L’Allemagne, à ce moment même, tentait un dernier effort pour nous déterminer à capituler. Elle essayait encore d’emporter de haute lutte le succès que lui avait fait espérer la chute de M. Rouvier. A Vienne, son ambassadeur, le général de Wedel, affirmait énergiquement que c’était fini des concessions : la France accepterait tel quel le projet autrichien, ou la conférence serait rompue[1]. A Paris, le samedi 17, le prince de Radolin venait au ministère et il priait M. Bourgeois, avec insistance, de céder sur Casablanca, « base nécessaire du contrôle de l’inspecteur. » Comme le ministre déclarait de nouveau que nous ne consentirions jamais à une solution internationale introduisant une troisième puissance au Maroc, à une solution illogique confondant l’inspection et le commandement, à une solution humiliante annulant par un détour le mandat qu’on disait nous confier, le prince, d’un ton inquiet, exprima la crainte qu’il n’y eût pas moyen de s’entendre.

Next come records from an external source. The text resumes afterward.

lemma h_bound_if_closed_rej:
  assumes "I \<in> closed_rej \<alpha> p m"
  shows "\<exists>i\<in>{1..card I}. real h * pord p I i \<le> real i * \<alpha>"
proof -
  have I: "I \<subseteq> {1..m}" using assms by (simp add: closed_rej_def)
  have hm: "h \<le> m" and not_rej_Kh: "\<not> simes_rej \<alpha> p (Kset r m h)"
    using h_alpha_le_m_and_not_simes_rej by auto
  show ?thesis
  proof (cases "h \<le> card I")
    case True
    have "simes_rej \<alpha> p I" using assms by (simp add: closed_rej_def)
    then obtain i where i: "i \<in> {1..card I}" "real (card I) * pord p I i \<le> real i * \<alpha>"
      by (auto simp: simes_rej_def)
    have "real h * pord p I i \<le> real (card I) * pord p I i"
      using True pord_nonneg[OF I] i(1) by (intro mult_right_mono) auto
    then show ?thesis using i by (intro bexI[of _ i]) auto
  next
    case False
    obtain R where R: "R \<subseteq> {1..m}" "I = r ` R" using obtain_ranks[OF I] .
    have R_fin: "finite R" and "card R \<le> h"
      using R False card_image_ranks finite_subset[OF R(1)] by auto
    then obtain t where t: "t \<le> h" "card (R \<union> {m - t + 1..m}) = h"
      using exists_card_Un_top_interval hm by blast
    define S where "S = R \<union> {m - t + 1..m}"
    have S: "S \<subseteq> {1..m}" "card S = h" "finite S"
      using R(1) R_fin t hm by (auto simp: S_def)
    have "r ` S \<subseteq> {1..m}" using S(1) r_perm by (auto simp: bij_betw_def)
    moreover have "I \<subseteq> r ` S" using R(2) by (auto simp: S_def)
    ultimately have "simes_rej \<alpha> p (r ` S)" using assms by (auto simp: closed_rej_def)
    then obtain i where i: "1 \<le> i" "i \<le> h" "real h * p (r (nth_least S i)) \<le> real i * \<alpha>"
      using S(1,2) by (auto simp: simes_rej_image_ranks)
    define k where "k = nth_least S i"
    have "k \<in> S" using nth_least_in S(2,3) i by (simp add: k_def)
    have "k \<notin> {m - t + 1..m}"
    proof
      assume "k \<in> {m - t + 1..m}"
      then have "{k..m} \<subseteq> S" by (auto simp: S_def)
      moreover have "S \<subseteq> {..m}" using S(1) by auto
      ultimately have "k + h = m + i"
        using nth_least_plus_card_eq[of S m i] S(2) i(1,2) by (simp add: k_def)
      then have "k = m - h + i" using hm by simp
      then show False using not_rej_Kh i hm simes_rej_Kset by (auto simp: k_def)
    qed
    then have "k \<in> R" "{x\<in>S. x < k} \<subseteq> R" using \<open>k \<in> S\<close> S(1) by (auto simp: S_def)
    then have "i \<le> card R" "nth_least R i = k"
      using nth_least_subset_eq[of S R i] S i by (auto simp: S_def k_def)
    then show ?thesis
      using R i pord_image_ranks card_image_ranks by (intro bexI[of _ i]) (auto simp: k_def)
  qed
qed

end


theorem lemma2:
  fixes p :: "nat \<Rightarrow> real" and \<alpha> :: real and m :: nat and r :: "nat \<Rightarrow> nat"
    and I :: "nat set"
  assumes p_range: "\<And>j. j \<in> {1..m} \<Longrightarrow> 0 \<le> p j \<and> p j \<le> 1"
    and alpha_range: "0 \<le> \<alpha>" "\<alpha> \<le> 1"
    and r_perm: "bij_betw r {1..m} {1..m}"
    and r_sorted: "\<And>a b. a \<in> {1..m} \<Longrightarrow> b \<in> {1..m} \<Longrightarrow> a \<le> b \<Longrightarrow> p (r a) \<le> p (r b)"
    and I_sub: "I \<subseteq> {1..m}"
  shows "I \<in> closed_rej \<alpha> p m \<longleftrightarrow>
    (\<exists>i\<in>{1..card I}. real (h_alpha \<alpha> p r m) * pord p I i \<le> real i * \<alpha>)"
proof -
  \<comment> \<open>Only nonnegativity of the p-values is needed; the bounds \<open>p j \<le> 1\<close> and \<open>alpha_range\<close> are not.\<close>
  interpret simes_closed_testing \<alpha> p r m
    using p_range r_perm r_sorted by unfold_locales auto
  show ?thesis using I_sub closed_rej_if_h_bound h_bound_if_closed_rej by blast
qed

end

M. Léon Bourgeois ne se laissa pas troubler par cette appréhension et répondit simplement que la France, en acceptant l’inspection, avait pris du projet autrichien ce qu’elle en pouvait prendre ; que l’Allemagne n’avait rien pris du projet français, et qu’au contraire, au cours de la crise ministérielle, elle avait exercé, sur nous et nos amis, une pression difficile à accorder avec des dispositions conciliantes.

  1. Le général de Wedel tenait publiquement ces propos qui nous ont été rapportés par deux de ses collègues.